Before running the process_radtags, you need the following documents or directories ready to run it smoothly:

  1. Concatenate sequence lanes
  2. a directory where you can output your demultiplexed data
  3. Create your barcode file
  4. the enzymes that were used to cut your DNA
  5. the commands that you will use (familiarize yourself here)

2.2.1 Concatenate sequence lanes

If you have two or more sequence lanes, it is better to concatenate them in a single file as it is more difficult to process them in the Stacks pipeline

  1. First, you need to merge sequence data depending on their nature.
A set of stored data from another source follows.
(* Let $0<r'<r<1$. The map of condensed abelian groups $\theta_{r'}:\mathbb{Z}((T))_r\to\underline{\mathbb{R}}$, given on $S$-valued points by $\sum a_nT^n\mapsto\big(s\mapsto\sum a_n(s)(r')^n\big)$, is surjective (at every extremally disconnected $S$), and for every extremally disconnected $S$ its kernel on $S$-valued points is a principal ideal of the ring $\mathbb{Z}((T))_r(S)$ generated by a non-zero divisor.
   Context: Extremally disconnected sets are the projective objects in the category of compact Hausdorff spaces. For $0<r<1$, $c>0$ and extremally disconnected $S$, let $\mathbb{Z}((T))_{r,\le c}(S)$ be the set of formal sums $\sum_{n\ge k}a_nT^n$ (for some $k\in\mathbb{Z}$) with $a_n\in C(S,\mathbb{Z})$ such that $\sum_n|a_n(s)|r^n\le c$ for all $s\in S$; set $\mathbb{Z}((T))_r(S)=\bigcup_{c>0}\mathbb{Z}((T))_{r,\le c}(S)$, a ring under addition and multiplication of Laurent series, and this defines a condensed ring $\mathbb{Z}((T))_r$. $\underline{\mathbb{R}}$ is the condensed ring $S\mapsto C(S,\mathbb{R})$. *)

theory Defs
  imports "HOL-Analysis.Analysis"
begin

definition extremally_disconnected :: "'a topology \<Rightarrow> bool" where
  "extremally_disconnected X \<longleftrightarrow>
     compact_space X \<and> Hausdorff_space X \<and>
     (\<forall>U. openin X U \<longrightarrow> openin X (X closure_of U))"

text \<open>Elements of Z((T))_r(S): a Laurent series sum a_n T^n is represented by its coefficient
  family a :: int => 'a => int; each a_n is a continuous (locally constant) integer function on S,
  set to 0 outside the underlying set of S; coefficients vanish below some index k; and there is c
  with sum_n |a_n(s)| r^n <= c for all s.\<close>
definition ZT :: "'a topology \<Rightarrow> real \<Rightarrow> (int \<Rightarrow> 'a \<Rightarrow> int) set" where
  "ZT X r = {a.
     (\<forall>n. continuous_map X (discrete_topology UNIV) (a n)) \<and>
     (\<forall>n s. s \<notin> topspace X \<longrightarrow> a n s = 0) \<and>
     (\<exists>k. \<forall>n<k. \<forall>s. a n s = 0) \<and>
     (\<exists>c. \<forall>s\<in>topspace X.
        (\<lambda>n. real_of_int \<bar>a n s\<bar> * r powi n) summable_on UNIV \<and>
        (\<Sum>\<^sub>\<infinity>n. real_of_int \<bar>a n s\<bar> * r powi n) \<le> c)}"

text \<open>Multiplication of Laurent series (Cauchy product, pointwise in s; the sum is finite
  for series bounded below).\<close>
definition ls_mult :: "(int \<Rightarrow> 'a \<Rightarrow> int) \<Rightarrow> (int \<Rightarrow> 'a \<Rightarrow> int) \<Rightarrow> (int \<Rightarrow> 'a \<Rightarrow> int)" where
  "ls_mult a b = (\<lambda>n s. \<Sum>i\<in>{i. a i s \<noteq> 0 \<and> b (n - i) s \<noteq> 0}. a i s * b (n - i) s)"

definition theta :: "real \<Rightarrow> (int \<Rightarrow> 'a \<Rightarrow> int) \<Rightarrow> 'a \<Rightarrow> real" where
  "theta r' a = (\<lambda>s. \<Sum>\<^sub>\<infinity>n. real_of_int (a n s) * r' powi n)"

end

theory Submission
  imports Defs
begin

unbundle no vec_syntax
unbundle fps_syntax

text \<open>
  Surjectivity: on an extremally disconnected space the closure of each open set {f > m} is
  clopen, so a continuous f can be rounded down to a locally constant integer function h with
  h \<le> f \<le> h + 1. Rounding the rescaled remainders again and again expands f in base r' with
  locally constant, uniformly bounded digits, and such an expansion lies in Z((T))_r because r < 1.

  Kernel: the coefficients of a power series Q can be chosen in [0, 1), one after the other, such
  that G = (1 - T / r') exp Q has integer coefficients. Since Q has bounded coefficients, exp Q
  and exp (- Q) converge on the open unit disc, and since G has constant term 1, its inverse
  exp (- Q) / (1 - T / r') again has integer coefficients. So G is not a zero divisor and
  vanishes at r', and every a in the kernel is G times a / G, where a / G lies in Z((T))_r
  because division by 1 - T / r' is bounded for the r-norm on series vanishing at r'.
\<close>

section \<open>Locally constant functions on extremally disconnected spaces\<close>

lemma continuous_map_discrete_binop:
  assumes "continuous_map X (discrete_topology UNIV) h" "continuous_map X (discrete_topology UNIV) k"
  shows "continuous_map X (discrete_topology UNIV) (\<lambda>s. f (h s) (k s))"
proof -
  have "continuous_map X (prod_topology (discrete_topology UNIV) (discrete_topology UNIV)) (\<lambda>s. (h s, k s))"
    using assms by (simp add: continuous_map_paired)
  then have "continuous_map X (discrete_topology UNIV) (\<lambda>s. (h s, k s))"
    by (simp flip: prod_topology_discrete_topology)
  then show ?thesis
    using continuous_map_compose[of X _ "\<lambda>s. (h s, k s)" _ "case_prod f"] by (simp add: o_def)
qed

lemma continuous_map_discrete_sum:
  assumes "finite I" "\<And>i. i \<in> I \<Longrightarrow> continuous_map X (discrete_topology UNIV) (h i)"
  shows "continuous_map X (discrete_topology UNIV) (\<lambda>s. \<Sum>i\<in>I. h i s :: 'b::comm_monoid_add)"
  using assms by (induction I rule: finite_induct) (auto intro: continuous_map_discrete_binop)

lemma continuous_map_discrete_of_int:
  assumes "continuous_map X (discrete_topology UNIV) h"
  shows "continuous_map X euclideanreal (\<lambda>s. real_of_int (h s))"
  using continuous_map_compose[OF assms, of euclideanreal real_of_int] by (simp add: o_def)

lemma continuous_map_discrete_if_clopen_determined:
  assumes "finite I" "\<And>i. i \<in> I \<Longrightarrow> openin X (C i) \<and> closedin X (C i)"
    and "\<And>s t. s \<in> topspace X \<Longrightarrow> t \<in> topspace X \<Longrightarrow> (\<forall>i\<in>I. s \<in> C i \<longleftrightarrow> t \<in> C i) \<Longrightarrow> h s = h t"
  shows "continuous_map X (discrete_topology UNIV) h"
  unfolding continuous_map
proof (intro conjI allI impI)
  fix U
  show "openin X {s \<in> topspace X. h s \<in> U}"
  proof (subst openin_subopen, intro ballI)
    fix s assume s: "s \<in> {s \<in> topspace X. h s \<in> U}"
    define V where "V = (\<Inter>i\<in>I. if s \<in> C i then C i else topspace X - C i) \<inter> topspace X"
    have "openin X V"
      unfolding V_def using assms(1,2) by (intro openin_INT) auto
    moreover have "s \<in> V \<and> V \<subseteq> {s \<in> topspace X. h s \<in> U}"
    proof
      show "s \<in> V" using s by (auto simp: V_def)
      show "V \<subseteq> {s \<in> topspace X. h s \<in> U}"
      proof
        fix t assume t: "t \<in> V"
        then have tX: "t \<in> topspace X" by (simp add: V_def)
        have "s \<in> C i \<longleftrightarrow> t \<in> C i" if "i \<in> I" for i
          using t that by (cases "s \<in> C i") (auto simp: V_def)
        then have "h t = h s" using assms(3)[of s t] s tX by simp
        then show "t \<in> {s \<in> topspace X. h s \<in> U}" using s tX by simp
      qed
    qed
    ultimately show "\<exists>V. openin X V \<and> s \<in> V \<and> V \<subseteq> {s \<in> topspace X. h s \<in> U}" by blast
  qed
qed auto

lemma compact_space_bounded_real:
  assumes "compact_space X" "continuous_map X euclideanreal f"
  obtains B where "\<And>s. s \<in> topspace X \<Longrightarrow> \<bar>f s\<bar> \<le> B"
proof -
  have "compactin euclideanreal (f ` topspace X)"
    using assms image_compactin unfolding compact_space_def by blast
  then have "bounded (f ` topspace X)" by (simp add: compact_imp_bounded)
  then show ?thesis using that unfolding bounded_real by blast
qed

lemma extremally_disconnected_clopen_superlevel:
  assumes ed: "extremally_disconnected X" and f: "continuous_map X euclideanreal f"
  shows "openin X (X closure_of {s \<in> topspace X. c < f s})"
    and "closedin X (X closure_of {s \<in> topspace X. c < f s})"
    and "s \<in> X closure_of {s \<in> topspace X. c < f s} \<Longrightarrow> c \<le> f s"
    and "s \<in> topspace X \<Longrightarrow> c < f s \<Longrightarrow> s \<in> X closure_of {s \<in> topspace X. c < f s}"
proof -
  have "openin X {s \<in> topspace X. f s \<in> {c<..}}"
    by (intro openin_continuous_map_preimage[OF f]) auto
  then show "openin X (X closure_of {s \<in> topspace X. c < f s})"
    using ed unfolding extremally_disconnected_def by simp
  show "closedin X (X closure_of {s \<in> topspace X. c < f s})" by simp
  have "closedin X {s \<in> topspace X. f s \<in> {c..}}"
    by (intro closedin_continuous_map_preimage[OF f]) auto
  then have "X closure_of {s \<in> topspace X. c < f s} \<subseteq> {s \<in> topspace X. f s \<in> {c..}}"
    by (intro closure_of_minimal) auto
  then show "s \<in> X closure_of {s \<in> topspace X. c < f s} \<Longrightarrow> c \<le> f s" by auto
  show "s \<in> topspace X \<Longrightarrow> c < f s \<Longrightarrow> s \<in> X closure_of {s \<in> topspace X. c < f s}"
    using closure_of_subset[of "{s \<in> topspace X. c < f s}" X] by auto
qed

text \<open>h s is the largest integer m in a range containing f(X) such that s lies in the clopen set
  C m, which is sandwiched between {f > m} and {f \<ge> m}.\<close>
lemma extremally_disconnected_floor_approx:
  assumes ed: "extremally_disconnected X" and f: "continuous_map X euclideanreal f"
  obtains h :: "'a \<Rightarrow> int" where "continuous_map X (discrete_topology UNIV) h"
    "\<And>s. s \<in> topspace X \<Longrightarrow> real_of_int (h s) \<le> f s \<and> f s \<le> real_of_int (h s) + 1"
proof -
  obtain B where B: "\<And>s. s \<in> topspace X \<Longrightarrow> \<bar>f s\<bar> \<le> B"
    using compact_space_bounded_real ed f unfolding extremally_disconnected_def by blast
  obtain N :: nat where "B \<le> real N" using real_arch_simple by blast
  with B have N: "\<bar>f s\<bar> \<le> real N" if "s \<in> topspace X" for s
    using that by fastforce
  define C where "C m = X closure_of {s \<in> topspace X. real_of_int m < f s}" for m :: int
  have clopen: "openin X (C m) \<and> closedin X (C m)" for m
    using extremally_disconnected_clopen_superlevel(1,2)[OF ed f] by (simp add: C_def)
  have C_ge: "real_of_int m \<le> f s" if "s \<in> C m" for m s
    using extremally_disconnected_clopen_superlevel(3)[OF ed f] that by (simp add: C_def)
  have C_gt: "s \<in> C m" if "s \<in> topspace X" "f s > real_of_int m" for m s
    using extremally_disconnected_clopen_superlevel(4)[OF ed f] that by (simp add: C_def)
  define I where "I = {- int N - 1 .. int N}"
  define h where "h s = Max {m \<in> I. s \<in> C m}" for s
  have fin: "finite {m \<in> I. s \<in> C m}" for s
    by (rule finite_subset[of _ I]) (auto simp: I_def)
  have h_mem: "h s \<in> {m \<in> I. s \<in> C m}" if "s \<in> topspace X" for s
  proof -
    have "- int N - 1 \<in> {m \<in> I. s \<in> C m}"
      using N[OF that] C_gt[OF that] by (auto simp: I_def)
    then show ?thesis unfolding h_def using fin by (intro Max_in) auto
  qed
  show ?thesis
  proof
    show "continuous_map X (discrete_topology UNIV) h"
    proof (rule continuous_map_discrete_if_clopen_determined[where I = I and C = C])
      fix s t assume "\<forall>i\<in>I. s \<in> C i \<longleftrightarrow> t \<in> C i"
      then have "{m \<in> I. s \<in> C m} = {m \<in> I. t \<in> C m}" by blast
      then show "h s = h t" by (simp add: h_def)
    qed (auto simp: I_def clopen)
    fix s assume s: "s \<in> topspace X"
    show "real_of_int (h s) \<le> f s \<and> f s \<le> real_of_int (h s) + 1"
    proof
      show "real_of_int (h s) \<le> f s" using h_mem[OF s] C_ge by auto
      have "h s + 1 \<notin> {m \<in> I. s \<in> C m}"
      proof
        assume "h s + 1 \<in> {m \<in> I. s \<in> C m}"
        then have "h s + 1 \<le> h s" unfolding h_def using fin by (intro Max_ge) auto
        then show False by simp
      qed
      moreover have "h s + 1 \<in> I \<or> h s = int N" using h_mem[OF s] by (auto simp: I_def)
      ultimately show "f s \<le> real_of_int (h s) + 1" using C_gt[OF s] N[OF s] by force
    qed
  qed
qed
Single-end sequencing lanes should result to a single sequencing data. Whereas, paired-end sequencing will have forward and reverse reads. With this, you need to concatenate all forward and reverse reads separately. Some cases merge them into a single file and truncate them into a specific length at the end of the process.

  2. Here is an example on how to concatenate your two single-end sequencing lanes:

    cat {sequence.lane.1.fastq.txt.gz} {sequence.lane.2.fastq.txt.gz} > concatenated.lanes.fq.gz

  3. This concatenated file of your sequence reads is now ready for process_radtags.

2.2.2 Create your barcode file

The barcode file should contain the individual barcodes in the first column and individual ID names in the second column delimited by tab (/t)

An example of a barcofe file looks something like this:

GAACTATC INDIV_1

GAATCGAA INDIV_2

ATCTTGCG INDIV_3

Here is an example of an R script to create a barcode file from your excel of text spreadsheet:

library(readr)

#read your text file containing your barcodes and ID names
barcode <- read.delim("barcode.txt", delim = "\t", 
                      escape_double = FALSE, 
                      trim_ws=TRUE) 

#subset the comlumns of your barcode and their unique ID tags
barcode_key <- subset(barcode, select=c("barcode", "uidtag")) 

#check
barcode_key 

#if they have two lanes, remove the duplicates
barcode_key <- unique(barcode_key) 

#save your file
write.table(barcode_key, file = "barcode_key.txt", 
            append = FALSE, quote = F, sep="\t", 
            eol = "\n", na = "NA", dec = ".", 
            row.names = F, col.names = F, qmethod = c("escape", "double")) 

2.3 Run process_radtags

This section will introduce you the the first program you will encounter in Stacks-2.60. Pasticularly, this section will discuss useful parameters for (1) demultiplexing your sequence data; (2) removing low quality sequence reads; (3) removing unwanted sequences with attached adapters.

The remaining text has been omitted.